theorem theorem7p3:
  fixes M :: "'a measure" and F :: "real \<Rightarrow> 'a measure"
    and X :: "nat \<Rightarrow> real \<Rightarrow> 'a \<Rightarrow> real"
    and \<rho> :: "(nat \<Rightarrow> real \<Rightarrow> 'a \<Rightarrow> real) \<Rightarrow> 'a \<Rightarrow> real"
    and m :: nat and t :: real
    and K :: "nat \<Rightarrow> nat" and T :: "nat \<Rightarrow> nat \<Rightarrow> real"
    and D :: "nat \<Rightarrow> 'a \<Rightarrow> real"
  assumes "complete_prob_space M"
    and "rc_complete_filtration M F"
    and "adapted F m X"
    and meas: "\<And>s. (\<forall>j. 0 \<le> s j) \<Longrightarrow> surface \<rho> m X s \<in> borel_measurable M"
    and "0 \<le> t"
    and part: "\<And>n. is_partition t (K n) (T n)"
    and mesh: "(\<lambda>n. mesh (K n) (T n)) \<longlonglongrightarrow> 0"
    and indep: "\<And>\<pi> i. \<pi> permutes {1..m} \<Longrightarrow> i \<in> {1..m} \<Longrightarrow>
                   conv_in_prob M (\<lambda>n. SU \<rho> m X \<pi> (K n) (T n) (\<pi> i)) (D i)"
  shows "(\<forall>Dpi :: (nat \<Rightarrow> nat) \<Rightarrow> nat \<Rightarrow> 'a \<Rightarrow> real.
            (\<forall>\<pi>. \<pi> permutes {1..m} \<longrightarrow> (\<forall>k\<in>{1..m}.
               conv_in_prob M (\<lambda>n. SU \<rho> m X \<pi> (K n) (T n) k) (Dpi \<pi> k))) \<longrightarrow>
            (\<forall>\<pi>. \<pi> permutes {1..m} \<longrightarrow> (\<forall>i\<in>{1..m}.
               AE \<omega> in M. Dpi \<pi> (\<pi> i) \<omega> = D i \<omega>)) \<and>
            (\<forall>i\<in>{1..m}. AE \<omega> in M.
               (1 / fact m) * (\<Sum>\<pi>\<in>{\<pi>. \<pi> permutes {1..m}}. Dpi \<pi> (\<pi> i) \<omega>) = D i \<omega>))
       \<and> (\<forall>i\<in>{1..m}. conv_in_prob M (\<lambda>n. OAT \<rho> m X (K n) (T n) i) (D i))
       \<and> conv_in_prob M (\<lambda>n. OAT_interaction \<rho> m X t (K n) (T n)) (\<lambda>\<omega>. 0)"
proof -
  have P: "prob_space M" using assms(1) by (simp add: complete_prob_space_def)
  have ISU_eq: "AE \<omega> in M. Dpi \<pi> (\<pi> i) \<omega> = D i \<omega>"
    if "\<forall>\<pi>. \<pi> permutes {1..m} \<longrightarrow> (\<forall>k\<in>{1..m}.
          conv_in_prob M (\<lambda>n. SU \<rho> m X \<pi> (K n) (T n) k) (Dpi \<pi> k))"
      and "\<pi> permutes {1..m}" and "i \<in> {1..m}" for Dpi \<pi> i
    using that indep[OF that(2,3)] permutes_in_image[OF that(2)]
    by (intro conv_in_prob_unique[OF P SU_borel_measurable[OF meas part]]) auto
  have average: "AE \<omega> in M. (1 / fact m) * (\<Sum>\<pi>\<in>{\<pi>. \<pi> permutes {1..m}}. Dpi \<pi> (\<pi> i) \<omega>) = D i \<omega>"
    if "\<And>\<pi>. \<pi> permutes {1..m} \<Longrightarrow> AE \<omega> in M. Dpi \<pi> (\<pi> i) \<omega> = D i \<omega>"
    for Dpi :: "(nat \<Rightarrow> nat) \<Rightarrow> nat \<Rightarrow> 'a \<Rightarrow> real" and i
    using AE_average_over_permutations[where S="{1..m}" and f="\<lambda>\<pi>. Dpi \<pi> (\<pi> i)"] that by simp
  note OAT = OAT_conv_in_prob[OF indep]
  have "conv_in_prob M (\<lambda>n. OAT_interaction \<rho> m X t (K n) (T n)) (\<lambda>\<omega>. 0)"
    using indep[OF permutes_id] OAT by (intro OAT_interaction_conv_in_prob_zero[OF P meas part]) auto
  with ISU_eq average OAT show ?thesis by blast
qed

end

Task brief -
Copy every record above exactly as it stands.

Finished task -
theorem theorem7p3:
  fixes M :: "'a measure" and F :: "real \<Rightarrow> 'a measure"
    and X :: "nat \<Rightarrow> real \<Rightarrow> 'a \<Rightarrow> real"
    and \<rho> :: "(nat \<Rightarrow> real \<Rightarrow> 'a \<Rightarrow> real) \<Rightarrow> 'a \<Rightarrow> real"
    and m :: nat and t :: real
    and K :: "nat \<Rightarrow> nat" and T :: "nat \<Rightarrow> nat \<Rightarrow> real"
    and D :: "nat \<Rightarrow> 'a \<Rightarrow> real"
  assumes "complete_prob_space M"
    and "rc_complete_filtration M F"
    and "adapted F m X"
    and meas: "\<And>s. (\<forall>j. 0 \<le> s j) \<Longrightarrow> surface \<rho> m X s \<in> borel_measurable M"
    and "0 \<le> t"
    and part: "\<And>n. is_partition t (K n) (T n)"
    and mesh: "(\<lambda>n. mesh (K n) (T n)) \<longlonglongrightarrow> 0"
    and indep: "\<And>\<pi> i. \<pi> permutes {1..m} \<Longrightarrow> i \<in> {1..m} \<Longrightarrow>
                   conv_in_prob M (\<lambda>n. SU \<rho> m X \<pi> (K n) (T n) (\<pi> i)) (D i)"
  shows "(\<forall>Dpi :: (nat \<Rightarrow> nat) \<Rightarrow> nat \<Rightarrow> 'a \<Rightarrow> real.
            (\<forall>\<pi>. \<pi> permutes {1..m} \<longrightarrow> (\<forall>k\<in>{1..m}.
               conv_in_prob M (\<lambda>n. SU \<rho> m X \<pi> (K n) (T n) k) (Dpi \<pi> k))) \<longrightarrow>
            (\<forall>\<pi>. \<pi> permutes {1..m} \<longrightarrow> (\<forall>i\<in>{1..m}.
               AE \<omega> in M. Dpi \<pi> (\<pi> i) \<omega> = D i \<omega>)) \<and>
            (\<forall>i\<in>{1..m}. AE \<omega> in M.
               (1 / fact m) * (\<Sum>\<pi>\<in>{\<pi>. \<pi> permutes {1..m}}. Dpi \<pi> (\<pi> i) \<omega>) = D i \<omega>))
       \<and> (\<forall>i\<in>{1..m}. conv_in_prob M (\<lambda>n. OAT \<rho> m X (K n) (T n) i) (D i))
       \<and> conv_in_prob M (\<lambda>n. OAT_interaction \<rho> m X t (K n) (T n)) (\<lambda>\<omega>. 0)"
proof -
  have P: "prob_space M" using assms(1) by (simp add: complete_prob_space_def)
  have ISU_eq: "AE \<omega> in M. Dpi \<pi> (\<pi> i) \<omega> = D i \<omega>"
    if "\<forall>\<pi>. \<pi> permutes {1..m} \<longrightarrow> (\<forall>k\<in>{1..m}.
          conv_in_prob M (\<lambda>n. SU \<rho> m X \<pi> (K n) (T n) k) (Dpi \<pi> k))"
      and "\<pi> permutes {1..m}" and "i \<in> {1..m}" for Dpi \<pi> i
    using that indep[OF that(2,3)] permutes_in_image[OF that(2)]
    by (intro conv_in_prob_unique[OF P SU_borel_measurable[OF meas part]]) auto
  have average: "AE \<omega> in M. (1 / fact m) * (\<Sum>\<pi>\<in>{\<pi>. \<pi> permutes {1..m}}. Dpi \<pi> (\<pi> i) \<omega>) = D i \<omega>"
    if "\<And>\<pi>. \<pi> permutes {1..m} \<Longrightarrow> AE \<omega> in M. Dpi \<pi> (\<pi> i) \<omega> = D i \<omega>"
    for Dpi :: "(nat \<Rightarrow> nat) \<Rightarrow> nat \<Rightarrow> 'a \<Rightarrow> real" and i
    using AE_average_over_permutations[where S="{1..m}" and f="\<lambda>\<pi>. Dpi \<pi> (\<pi> i)"] that by simp
  note OAT = OAT_conv_in_prob[OF indep]
  have "conv_in_prob M (\<lambda>n. OAT_interaction \<rho> m X t (K n) (T n)) (\<lambda>\<omega>. 0)"
    using indep[OF permutes_id] OAT by (intro OAT_interaction_conv_in_prob_zero[OF P meas part]) auto
  with ISU_eq average OAT show ?thesis by blast
qed

end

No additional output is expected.